**Data extracts**
◇ ◇ ◇ ◇ ◇

definition walsh_bool :: "(('n::finite) vec2 \<Rightarrow> bool) \<Rightarrow> 'n vec2 \<Rightarrow> int" where
  "walsh_bool f a = (\<Sum>x\<in>UNIV. sgn2 (f x \<noteq> dot x a))"

definition autocorrelation :: "(('n::finite) vec2 \<Rightarrow> bool) \<Rightarrow> 'n vec2 \<Rightarrow> int" where
  "autocorrelation f u = (\<Sum>x\<in>UNIV. sgn2 (boolean_derivative f u x))"

lemma walsh_bool_power2_eq_sum_autocorrelation:
  "(walsh_bool f a)\<^sup>2 = (\<Sum>u\<in>UNIV. sgn2 (dot u a) * autocorrelation f u)"
proof -
  have "(walsh_bool f a)\<^sup>2 =
      (\<Sum>x\<in>UNIV. \<Sum>y\<in>UNIV. sgn2 (f x \<noteq> dot x a) * sgn2 (f y \<noteq> dot y a))"
    unfolding walsh_bool_def power2_eq_square by (rule sum_product)
  also have "\<dots> = (\<Sum>x\<in>UNIV. \<Sum>u\<in>UNIV.
      sgn2 (f x \<noteq> dot x a) * sgn2 (f (vadd x u) \<noteq> dot (vadd x u) a))"
    by (rule sum.cong[OF refl], rule sum_vadd_shift[symmetric])
  also have "\<dots> = (\<Sum>x\<in>UNIV. \<Sum>u\<in>UNIV. sgn2 (dot u a) * sgn2 (boolean_derivative f u x))"
    by (intro sum.cong refl) (auto simp: boolean_derivative_def dot_vadd_left sgn2_def)
  also have "\<dots> = (\<Sum>u\<in>UNIV. sgn2 (dot u a) * autocorrelation f u)"
    by (subst sum.swap) (simp add: autocorrelation_def sum_distrib_left)
  finally show ?thesis .
qed

lemma sum_walsh_bool_power2:
  "(\<Sum>a\<in>UNIV. (walsh_bool f a)\<^sup>2) = 2 ^ CARD('n) * 2 ^ CARD('n)"
  for f :: "('n::finite) vec2 \<Rightarrow> bool"
proof -
  have "(\<Sum>a\<in>UNIV. (walsh_bool f a)\<^sup>2) =
      (\<Sum>u\<in>UNIV. autocorrelation f u * (\<Sum>a\<in>UNIV. sgn2 (dot u a)))"
    unfolding walsh_bool_power2_eq_sum_autocorrelation by (subst sum.swap) (simp add: sum_distrib_left mult.commute)
  also have "\<dots> = autocorrelation f vzero * 2 ^ CARD('n)"
    by (simp add: sum_sgn2_dot if_distrib[where f="\<lambda>t. _ * t"] cong: if_cong)
  also have "autocorrelation f vzero = 2 ^ CARD('n)"
    by (simp add: autocorrelation_def boolean_derivative_def card_vec2)
  finally show ?thesis .
qed

lemma autocorrelation_affine_bool_derivative:
  fixes f :: "('n::finite) vec2 \<Rightarrow> bool"
  assumes "affine_bool (boolean_derivative f u)"
  shows "autocorrelation f u =
    (if u \<in> radical f then 2 ^ CARD('n) * sgn2 (boolean_derivative f u vzero) else 0)"
proof -
  let ?D = "boolean_derivative f u"
  define \<phi> where "\<phi> x = (?D x \<noteq> ?D vzero)" for x
  have additive: "\<phi> (vadd x y) = (\<phi> x \<noteq> \<phi> y)" for x y
    using assms unfolding affine_bool_def \<phi>_def by (metis (full_types))
  have "autocorrelation f u = sgn2 (?D vzero) * (\<Sum>x\<in>UNIV. sgn2 (\<phi> x))"
    unfolding autocorrelation_def \<phi>_def sum_distrib_left
    by (intro sum.cong refl) (simp add: sgn2_def)
  moreover have "(\<forall>x\<in>UNIV. \<not> \<phi> x) \<longleftrightarrow> u \<in> radical f"
    by (simp add: \<phi>_def radical_def)
  ultimately show ?thesis
    using sum_sgn2_additive[of UNIV \<phi>] additive by (simp add: card_vec2 mult.commute)
qed

lemma walsh_bool_power2_cases:
  fixes f :: "('n::finite) vec2 \<Rightarrow> bool"
  assumes affine: "\<And>u. affine_bool (boolean_derivative f u)"
  shows "(walsh_bool f a)\<^sup>2 = 0 \<or> (walsh_bool f a)\<^sup>2 = 2 ^ CARD('n) * int (card (radical f))"
proof -
  define \<phi> where "\<phi> u = (dot u a \<noteq> boolean_derivative f u vzero)" for u
  have "(walsh_bool f a)\<^sup>2 =
      (\<Sum>u\<in>UNIV. if u \<in> radical f then 2 ^ CARD('n) * sgn2 (\<phi> u) else 0)"
    unfolding walsh_bool_power2_eq_sum_autocorrelation autocorrelation_affine_bool_derivative[OF affine]
    by (intro sum.cong refl) (auto simp: \<phi>_def sgn2_def)
  also have "\<dots> = 2 ^ CARD('n) * (\<Sum>u\<in>radical f. sgn2 (\<phi> u))"
    by (simp add: sum.If_cases sum_distrib_left)
  finally have W: "(walsh_bool f a)\<^sup>2 = 2 ^ CARD('n) * (\<Sum>u\<in>radical f. sgn2 (\<phi> u))" .
  have "\<phi> (vadd u v) = (\<phi> u \<noteq> \<phi> v)" if "v \<in> radical f" for u v
  proof -
    have "(f u \<noteq> f (vadd u v)) = (f vzero \<noteq> f v)"
      using that by (simp add: radical_def boolean_derivative_def)
    then show ?thesis
      unfolding \<phi>_def boolean_derivative_def dot_vadd_left by auto
  qed
  then show ?thesis
    using W sum_sgn2_additive[of "radical f" \<phi>] by (simp add: vadd_in_radical split: if_splits)
qed

lemma abs_walsh_le_amplitude: "\<bar>walsh F b a\<bar> \<le> amplitude F b"
  unfolding amplitude_def by (rule Max_ge) (auto simp: full_SetCompr_eq)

◇ ◇ ◇ ◇ ◇

**Work required**
At the line with "unfolding autocorrelation_def \<phi>_def", start returning lines exactly, and stop after the final line of the listing.

**Solution for this task**
    unfolding autocorrelation_def \<phi>_def sum_distrib_left
    by (intro sum.cong refl) (simp add: sgn2_def)
  moreover have "(\<forall>x\<in>UNIV. \<not> \<phi> x) \<longleftrightarrow> u \<in> radical f"
    by (simp add: \<phi>_def radical_def)
  ultimately show ?thesis
    using sum_sgn2_additive[of UNIV \<phi>] additive by (simp add: card_vec2 mult.commute)
qed

lemma walsh_bool_power2_cases:
  fixes f :: "('n::finite) vec2 \<Rightarrow> bool"
  assumes affine: "\<And>u. affine_bool (boolean_derivative f u)"
  shows "(walsh_bool f a)\<^sup>2 = 0 \<or> (walsh_bool f a)\<^sup>2 = 2 ^ CARD('n) * int (card (radical f))"
proof -
  define \<phi> where "\<phi> u = (dot u a \<noteq> boolean_derivative f u vzero)" for u
  have "(walsh_bool f a)\<^sup>2 =
      (\<Sum>u\<in>UNIV. if u \<in> radical f then 2 ^ CARD('n) * sgn2 (\<phi> u) else 0)"
    unfolding walsh_bool_power2_eq_sum_autocorrelation autocorrelation_affine_bool_derivative[OF affine]
    by (intro sum.cong refl) (auto simp: \<phi>_def sgn2_def)
  also have "\<dots> = 2 ^ CARD('n) * (\<Sum>u\<in>radical f. sgn2 (\<phi> u))"
    by (simp add: sum.If_cases sum_distrib_left)
  finally have W: "(walsh_bool f a)\<^sup>2 = 2 ^ CARD('n) * (\<Sum>u\<in>radical f. sgn2 (\<phi> u))" .
  have "\<phi> (vadd u v) = (\<phi> u \<noteq> \<phi> v)" if "v \<in> radical f" for u v
  proof -
    have "(f u \<noteq> f (vadd u v)) = (f vzero \<noteq> f v)"
      using that by (simp add: radical_def boolean_derivative_def)
    then show ?thesis
      unfolding \<phi>_def boolean_derivative_def dot_vadd_left by auto
  qed
  then show ?thesis
    using W sum_sgn2_additive[of "radical f" \<phi>] by (simp add: vadd_in_radical split: if_splits)
qed

lemma abs_walsh_le_amplitude: "\<bar>walsh F b a\<bar> \<le> amplitude F b"
  unfolding amplitude_def by (rule Max_ge) (auto simp: full_SetCompr_eq)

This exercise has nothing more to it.